(DATA IN THIS EXERCISE)

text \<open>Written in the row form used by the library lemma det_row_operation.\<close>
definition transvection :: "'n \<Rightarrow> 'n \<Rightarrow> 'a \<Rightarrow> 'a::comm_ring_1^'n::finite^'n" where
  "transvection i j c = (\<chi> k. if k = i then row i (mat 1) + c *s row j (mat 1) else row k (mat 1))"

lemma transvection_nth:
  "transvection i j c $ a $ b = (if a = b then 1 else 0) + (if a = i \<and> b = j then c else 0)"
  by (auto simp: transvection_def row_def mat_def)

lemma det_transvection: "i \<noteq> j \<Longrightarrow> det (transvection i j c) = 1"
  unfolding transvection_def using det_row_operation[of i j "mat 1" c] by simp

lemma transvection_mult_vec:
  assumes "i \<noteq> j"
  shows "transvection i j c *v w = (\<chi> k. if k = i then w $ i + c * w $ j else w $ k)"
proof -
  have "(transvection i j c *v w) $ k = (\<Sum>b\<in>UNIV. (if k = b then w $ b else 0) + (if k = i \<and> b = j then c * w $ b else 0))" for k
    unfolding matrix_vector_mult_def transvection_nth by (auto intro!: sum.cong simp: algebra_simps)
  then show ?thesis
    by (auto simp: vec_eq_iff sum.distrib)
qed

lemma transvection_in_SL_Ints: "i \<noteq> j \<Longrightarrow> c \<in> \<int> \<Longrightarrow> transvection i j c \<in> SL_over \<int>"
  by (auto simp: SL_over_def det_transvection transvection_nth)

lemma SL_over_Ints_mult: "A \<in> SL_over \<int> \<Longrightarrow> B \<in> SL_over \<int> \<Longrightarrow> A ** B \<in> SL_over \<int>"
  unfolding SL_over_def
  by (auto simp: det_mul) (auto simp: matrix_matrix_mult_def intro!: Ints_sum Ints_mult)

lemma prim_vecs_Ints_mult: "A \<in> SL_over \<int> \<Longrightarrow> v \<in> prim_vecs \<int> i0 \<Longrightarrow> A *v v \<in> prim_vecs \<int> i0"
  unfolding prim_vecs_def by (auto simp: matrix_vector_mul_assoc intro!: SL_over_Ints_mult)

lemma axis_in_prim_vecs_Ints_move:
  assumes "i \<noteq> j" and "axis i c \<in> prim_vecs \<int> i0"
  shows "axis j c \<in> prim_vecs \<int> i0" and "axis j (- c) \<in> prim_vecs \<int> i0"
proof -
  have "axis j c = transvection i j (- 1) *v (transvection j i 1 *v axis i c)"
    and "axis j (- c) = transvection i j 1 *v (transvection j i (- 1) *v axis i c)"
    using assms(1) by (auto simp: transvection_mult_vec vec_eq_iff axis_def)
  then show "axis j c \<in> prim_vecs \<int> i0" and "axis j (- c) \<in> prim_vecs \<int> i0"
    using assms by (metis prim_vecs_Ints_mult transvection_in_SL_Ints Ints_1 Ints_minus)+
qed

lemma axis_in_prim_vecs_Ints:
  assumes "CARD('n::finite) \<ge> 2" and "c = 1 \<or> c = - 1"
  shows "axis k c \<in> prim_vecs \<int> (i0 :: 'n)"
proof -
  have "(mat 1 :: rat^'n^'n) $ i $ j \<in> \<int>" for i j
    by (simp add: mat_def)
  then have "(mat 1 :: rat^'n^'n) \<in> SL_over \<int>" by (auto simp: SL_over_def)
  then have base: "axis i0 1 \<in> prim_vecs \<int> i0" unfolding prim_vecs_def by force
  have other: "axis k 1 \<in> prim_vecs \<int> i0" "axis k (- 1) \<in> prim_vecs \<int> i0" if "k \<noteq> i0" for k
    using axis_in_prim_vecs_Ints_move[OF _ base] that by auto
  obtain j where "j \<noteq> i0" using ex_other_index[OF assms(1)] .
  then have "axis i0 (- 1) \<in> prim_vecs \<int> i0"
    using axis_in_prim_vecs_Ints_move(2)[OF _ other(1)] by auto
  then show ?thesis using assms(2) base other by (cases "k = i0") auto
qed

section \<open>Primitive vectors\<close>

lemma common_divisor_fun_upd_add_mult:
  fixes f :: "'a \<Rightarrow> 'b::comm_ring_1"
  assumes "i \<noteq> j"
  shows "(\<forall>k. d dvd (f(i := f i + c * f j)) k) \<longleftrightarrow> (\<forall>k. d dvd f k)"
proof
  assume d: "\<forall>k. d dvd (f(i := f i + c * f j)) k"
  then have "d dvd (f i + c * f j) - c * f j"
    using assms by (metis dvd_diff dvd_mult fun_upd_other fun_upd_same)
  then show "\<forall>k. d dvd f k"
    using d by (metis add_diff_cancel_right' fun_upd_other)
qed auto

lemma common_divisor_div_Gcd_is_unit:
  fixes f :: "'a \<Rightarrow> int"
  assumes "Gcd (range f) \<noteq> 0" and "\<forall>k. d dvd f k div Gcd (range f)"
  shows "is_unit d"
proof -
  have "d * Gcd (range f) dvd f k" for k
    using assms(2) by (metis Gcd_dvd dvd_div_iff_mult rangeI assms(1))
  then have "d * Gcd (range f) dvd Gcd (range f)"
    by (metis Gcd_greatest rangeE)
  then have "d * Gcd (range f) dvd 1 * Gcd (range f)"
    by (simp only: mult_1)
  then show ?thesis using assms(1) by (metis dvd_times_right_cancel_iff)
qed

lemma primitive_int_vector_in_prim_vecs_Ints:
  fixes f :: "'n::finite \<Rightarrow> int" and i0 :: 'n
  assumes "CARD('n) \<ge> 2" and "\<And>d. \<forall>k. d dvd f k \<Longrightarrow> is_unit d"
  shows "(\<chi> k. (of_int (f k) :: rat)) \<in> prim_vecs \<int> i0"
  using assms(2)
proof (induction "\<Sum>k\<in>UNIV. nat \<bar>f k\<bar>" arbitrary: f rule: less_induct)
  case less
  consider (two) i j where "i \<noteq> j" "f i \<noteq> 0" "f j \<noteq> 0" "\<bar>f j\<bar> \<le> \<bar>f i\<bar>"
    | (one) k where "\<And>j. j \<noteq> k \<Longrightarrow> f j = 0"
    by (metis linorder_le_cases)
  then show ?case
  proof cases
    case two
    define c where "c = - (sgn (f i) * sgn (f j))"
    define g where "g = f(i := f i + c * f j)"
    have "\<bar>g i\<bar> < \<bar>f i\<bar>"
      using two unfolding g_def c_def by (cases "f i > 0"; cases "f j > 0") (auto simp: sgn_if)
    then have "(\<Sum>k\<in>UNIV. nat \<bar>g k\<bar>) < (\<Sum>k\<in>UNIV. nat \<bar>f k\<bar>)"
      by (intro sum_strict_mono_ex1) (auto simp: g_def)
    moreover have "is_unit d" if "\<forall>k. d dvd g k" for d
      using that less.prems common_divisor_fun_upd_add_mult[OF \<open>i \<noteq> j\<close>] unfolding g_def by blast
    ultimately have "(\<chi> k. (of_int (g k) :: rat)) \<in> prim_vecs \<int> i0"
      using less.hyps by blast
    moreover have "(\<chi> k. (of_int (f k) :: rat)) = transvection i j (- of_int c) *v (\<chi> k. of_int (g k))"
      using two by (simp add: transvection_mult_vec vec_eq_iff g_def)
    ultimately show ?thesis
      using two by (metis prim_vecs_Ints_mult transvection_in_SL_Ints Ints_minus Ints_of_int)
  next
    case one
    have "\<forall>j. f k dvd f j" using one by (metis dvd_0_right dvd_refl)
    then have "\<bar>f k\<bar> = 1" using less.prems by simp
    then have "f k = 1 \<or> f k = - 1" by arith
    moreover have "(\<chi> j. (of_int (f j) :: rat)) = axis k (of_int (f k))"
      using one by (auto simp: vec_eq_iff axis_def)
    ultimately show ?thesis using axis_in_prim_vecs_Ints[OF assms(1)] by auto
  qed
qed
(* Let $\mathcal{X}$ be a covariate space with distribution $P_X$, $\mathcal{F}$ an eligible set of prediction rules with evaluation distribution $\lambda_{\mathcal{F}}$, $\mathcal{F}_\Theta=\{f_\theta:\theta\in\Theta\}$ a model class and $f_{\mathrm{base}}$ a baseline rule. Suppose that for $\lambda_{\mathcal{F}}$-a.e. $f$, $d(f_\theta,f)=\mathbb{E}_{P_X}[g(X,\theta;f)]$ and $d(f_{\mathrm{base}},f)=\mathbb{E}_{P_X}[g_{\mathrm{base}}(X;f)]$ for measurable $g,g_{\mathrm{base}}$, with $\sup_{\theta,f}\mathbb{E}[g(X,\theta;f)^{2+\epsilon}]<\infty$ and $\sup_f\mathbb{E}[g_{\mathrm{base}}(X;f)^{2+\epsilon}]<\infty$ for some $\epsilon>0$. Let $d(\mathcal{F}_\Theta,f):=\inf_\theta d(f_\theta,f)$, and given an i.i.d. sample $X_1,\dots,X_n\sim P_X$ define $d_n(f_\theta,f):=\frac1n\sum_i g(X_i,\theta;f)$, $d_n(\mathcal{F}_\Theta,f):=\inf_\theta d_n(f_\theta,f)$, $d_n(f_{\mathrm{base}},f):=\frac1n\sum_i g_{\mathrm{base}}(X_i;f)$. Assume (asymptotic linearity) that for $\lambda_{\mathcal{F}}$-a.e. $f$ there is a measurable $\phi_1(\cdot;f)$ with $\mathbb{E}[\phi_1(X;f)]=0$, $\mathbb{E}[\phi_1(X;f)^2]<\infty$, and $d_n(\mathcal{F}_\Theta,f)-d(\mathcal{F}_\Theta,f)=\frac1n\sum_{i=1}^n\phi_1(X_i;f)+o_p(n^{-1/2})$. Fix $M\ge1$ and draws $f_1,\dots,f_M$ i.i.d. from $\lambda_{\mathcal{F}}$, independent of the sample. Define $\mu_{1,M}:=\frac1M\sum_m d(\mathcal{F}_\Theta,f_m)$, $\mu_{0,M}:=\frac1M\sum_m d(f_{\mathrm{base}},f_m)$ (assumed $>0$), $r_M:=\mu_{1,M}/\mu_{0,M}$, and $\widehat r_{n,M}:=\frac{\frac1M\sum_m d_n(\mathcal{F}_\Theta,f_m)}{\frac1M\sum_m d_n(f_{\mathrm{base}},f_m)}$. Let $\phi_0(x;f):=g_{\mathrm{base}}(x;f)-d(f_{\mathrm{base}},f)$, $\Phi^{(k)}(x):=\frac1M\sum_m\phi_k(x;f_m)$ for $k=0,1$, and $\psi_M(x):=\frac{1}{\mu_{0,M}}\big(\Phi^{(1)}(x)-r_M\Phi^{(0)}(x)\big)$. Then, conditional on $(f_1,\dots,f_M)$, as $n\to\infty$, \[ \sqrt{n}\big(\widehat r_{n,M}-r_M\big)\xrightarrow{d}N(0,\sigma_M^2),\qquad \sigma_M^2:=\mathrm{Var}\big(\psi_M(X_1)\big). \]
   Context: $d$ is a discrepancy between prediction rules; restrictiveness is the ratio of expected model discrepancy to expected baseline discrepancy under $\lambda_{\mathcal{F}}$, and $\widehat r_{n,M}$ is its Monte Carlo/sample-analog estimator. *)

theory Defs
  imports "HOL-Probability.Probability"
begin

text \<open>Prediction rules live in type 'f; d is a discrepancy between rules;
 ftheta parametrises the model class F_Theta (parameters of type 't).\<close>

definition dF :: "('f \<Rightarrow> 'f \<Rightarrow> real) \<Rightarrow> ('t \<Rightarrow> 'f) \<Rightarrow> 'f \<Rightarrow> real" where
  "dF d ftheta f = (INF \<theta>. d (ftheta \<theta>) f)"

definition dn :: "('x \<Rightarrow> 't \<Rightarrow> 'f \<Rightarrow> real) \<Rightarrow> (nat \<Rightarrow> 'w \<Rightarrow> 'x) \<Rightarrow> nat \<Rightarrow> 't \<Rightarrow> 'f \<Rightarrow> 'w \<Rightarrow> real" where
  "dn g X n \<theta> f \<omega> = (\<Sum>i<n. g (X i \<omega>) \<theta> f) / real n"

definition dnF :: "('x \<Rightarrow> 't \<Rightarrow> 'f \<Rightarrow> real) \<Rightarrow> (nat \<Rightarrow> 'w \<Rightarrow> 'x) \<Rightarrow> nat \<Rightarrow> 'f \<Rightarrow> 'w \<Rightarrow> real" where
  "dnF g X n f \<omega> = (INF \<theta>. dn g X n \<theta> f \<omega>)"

(End DATA IN THIS EXERCISE)

Only the lines from the beginning of the listing through the line containing "by (auto simp: SL_over_def det_transvection" are wanted, each restated word for word.

* SOLUTION *
text \<open>Written in the row form used by the library lemma det_row_operation.\<close>
definition transvection :: "'n \<Rightarrow> 'n \<Rightarrow> 'a \<Rightarrow> 'a::comm_ring_1^'n::finite^'n" where
  "transvection i j c = (\<chi> k. if k = i then row i (mat 1) + c *s row j (mat 1) else row k (mat 1))"

lemma transvection_nth:
  "transvection i j c $ a $ b = (if a = b then 1 else 0) + (if a = i \<and> b = j then c else 0)"
  by (auto simp: transvection_def row_def mat_def)

lemma det_transvection: "i \<noteq> j \<Longrightarrow> det (transvection i j c) = 1"
  unfolding transvection_def using det_row_operation[of i j "mat 1" c] by simp

lemma transvection_mult_vec:
  assumes "i \<noteq> j"
  shows "transvection i j c *v w = (\<chi> k. if k = i then w $ i + c * w $ j else w $ k)"
proof -
  have "(transvection i j c *v w) $ k = (\<Sum>b\<in>UNIV. (if k = b then w $ b else 0) + (if k = i \<and> b = j then c * w $ b else 0))" for k
    unfolding matrix_vector_mult_def transvection_nth by (auto intro!: sum.cong simp: algebra_simps)
  then show ?thesis
    by (auto simp: vec_eq_iff sum.distrib)
qed

lemma transvection_in_SL_Ints: "i \<noteq> j \<Longrightarrow> c \<in> \<int> \<Longrightarrow> transvection i j c \<in> SL_over \<int>"
  by (auto simp: SL_over_def det_transvection transvection_nth)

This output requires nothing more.